* _Task description_
Which lines mention "proof"? Show each one from the listing.

*** Opening Data shown ***

text \<open>The fibre masses \<open>\<sigma>\<^sub>x(P\<^sub>n\<^sup>l(x))\<close> are non-increasing in \<open>n\<close>, so \<open>N\<^sub>l(x)\<close> is at most the number
  of \<open>n \<ge> 1\<close> with \<open>\<sigma>\<^sub>x(P\<^sub>n\<^sup>l(x)) > \<sigma>\<^sub>0\<close>, hence at most \<open>\<Sum>\<^sub>n \<sigma>\<^sub>x(P\<^sub>n\<^sup>l(x)) / \<sigma>\<^sub>0\<close>, with strict
  inequality on \<open>B\<close> because there already \<open>\<sigma>\<^sub>x(P\<^sub>1\<^sup>l(x)) = \<sigma>\<^sub>x(P(x)) > \<sigma>\<^sub>0\<close>. Integrating over
  \<open>\<nu>\<close> turns \<open>\<Sum>\<^sub>n \<sigma>\<^sub>x(P\<^sub>n\<^sup>l(x))\<close> into \<open>\<Sum>\<^sub>n \<mu>{z \<in> P. n\<^sub>l(z) \<ge> n}\<close>, which is at most \<open>l\<close> by a
  Kac-type argument: along an orbit segment of length \<open>m\<close> at most \<open>l\<close> visits to \<open>P\<close> have
  their \<open>l\<close>-th return after the end of the segment, and \<open>F\<close> preserves \<open>\<mu>\<close>.\<close>

definition late_returns :: "('c \<Rightarrow> 'c) \<Rightarrow> 'c set \<Rightarrow> nat \<Rightarrow> nat \<Rightarrow> 'c set" where
  "late_returns T P l n = {z \<in> P. enat n \<le> return_time T P l z}"

lemma Pnl_eq_vimage_late_returns: "Pnl F P l n x = Pair x -` late_returns F P l n"
  by (auto simp: Pnl_def late_returns_def)

lemma late_returns_antimono: "n' \<le> n \<Longrightarrow> late_returns T P l n \<subseteq> late_returns T P l n'"
  by (auto simp: late_returns_def intro: order_trans[of "enat n'" "enat n"])

lemma return_time_ge_Suc_iff:
  "enat (Suc j) \<le> return_time T P l z \<longleftrightarrow> card {k \<in> {1..j}. (T ^^ k) z \<in> P} < l"
proof (cases "\<exists>n. l \<le> card {k \<in> {1..n}. (T ^^ k) z \<in> P}")
  case True
  define L where "L = (LEAST n. l \<le> card {k \<in> {1..n}. (T ^^ k) z \<in> P})"
  have rt: "return_time T P l z = enat L"
    using True by (simp add: return_time_def L_def)
  have card_mono_n: "card {k \<in> {1..a}. (T ^^ k) z \<in> P} \<le> card {k \<in> {1..b}. (T ^^ k) z \<in> P}"
    if "a \<le> b" for a b
    using that by (intro card_mono) auto
  have "l \<le> card {k \<in> {1..L}. (T ^^ k) z \<in> P}"
    unfolding L_def by (rule LeastI_ex[OF True])
  moreover have "l \<le> card {k \<in> {1..j}. (T ^^ k) z \<in> P} \<Longrightarrow> L \<le> j"
    unfolding L_def by (rule Least_le)
  ultimately have "Suc j \<le> L \<longleftrightarrow> card {k \<in> {1..j}. (T ^^ k) z \<in> P} < l"
    using card_mono_n[of L j] by fastforce
  then show ?thesis
    by (simp add: rt)
next
  case False
  have "return_time T P l z = \<infinity>"
    unfolding return_time_def by (simp only: if_not_P[OF False])
  moreover have "card {k \<in> {1..j}. (T ^^ k) z \<in> P} < l"
    using False not_le by blast
  ultimately show ?thesis
    by simp
qed

lemma late_returns_Suc_0: "1 \<le> l \<Longrightarrow> late_returns T P l (Suc 0) = P"
  by (auto simp: late_returns_def return_time_ge_Suc_iff)

lemma sets_late_returns [measurable]:
  assumes [measurable]: "T \<in> M \<rightarrow>\<^sub>M M" "P \<in> sets M"
  shows "late_returns T P l n \<in> sets M"
proof (cases n)
  case 0
  then show ?thesis by (simp add: late_returns_def zero_enat_def[symmetric])
next
  case (Suc j)
  have card_eq: "real (card {k \<in> {1..j}. (T ^^ k) z \<in> P}) = (\<Sum>k\<in>{1..j}. indicator P ((T ^^ k) z))"
    for z
    by (simp add: indicator_def Int_def conj_commute)
  have "late_returns T P l n
      = {z \<in> space M. z \<in> P \<and> real (card {k \<in> {1..j}. (T ^^ k) z \<in> P}) < real l}"
    using sets.sets_into_space[of P M]
    by (auto simp: late_returns_def Suc return_time_ge_Suc_iff)
  also have "\<dots> = {z \<in> space M. z \<in> P \<and> (\<Sum>k\<in>{1..j}. indicator P ((T ^^ k) z)) < real l}"
    unfolding card_eq ..
  also have "\<dots> \<in> sets M"
    by measurable
  finally show ?thesis .
qed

*** Closing Data shown ***

* _Answer_
proof (cases "\<exists>n. l \<le> card {k \<in> {1..n}. (T ^^ k) z \<in> P}")
proof (cases n)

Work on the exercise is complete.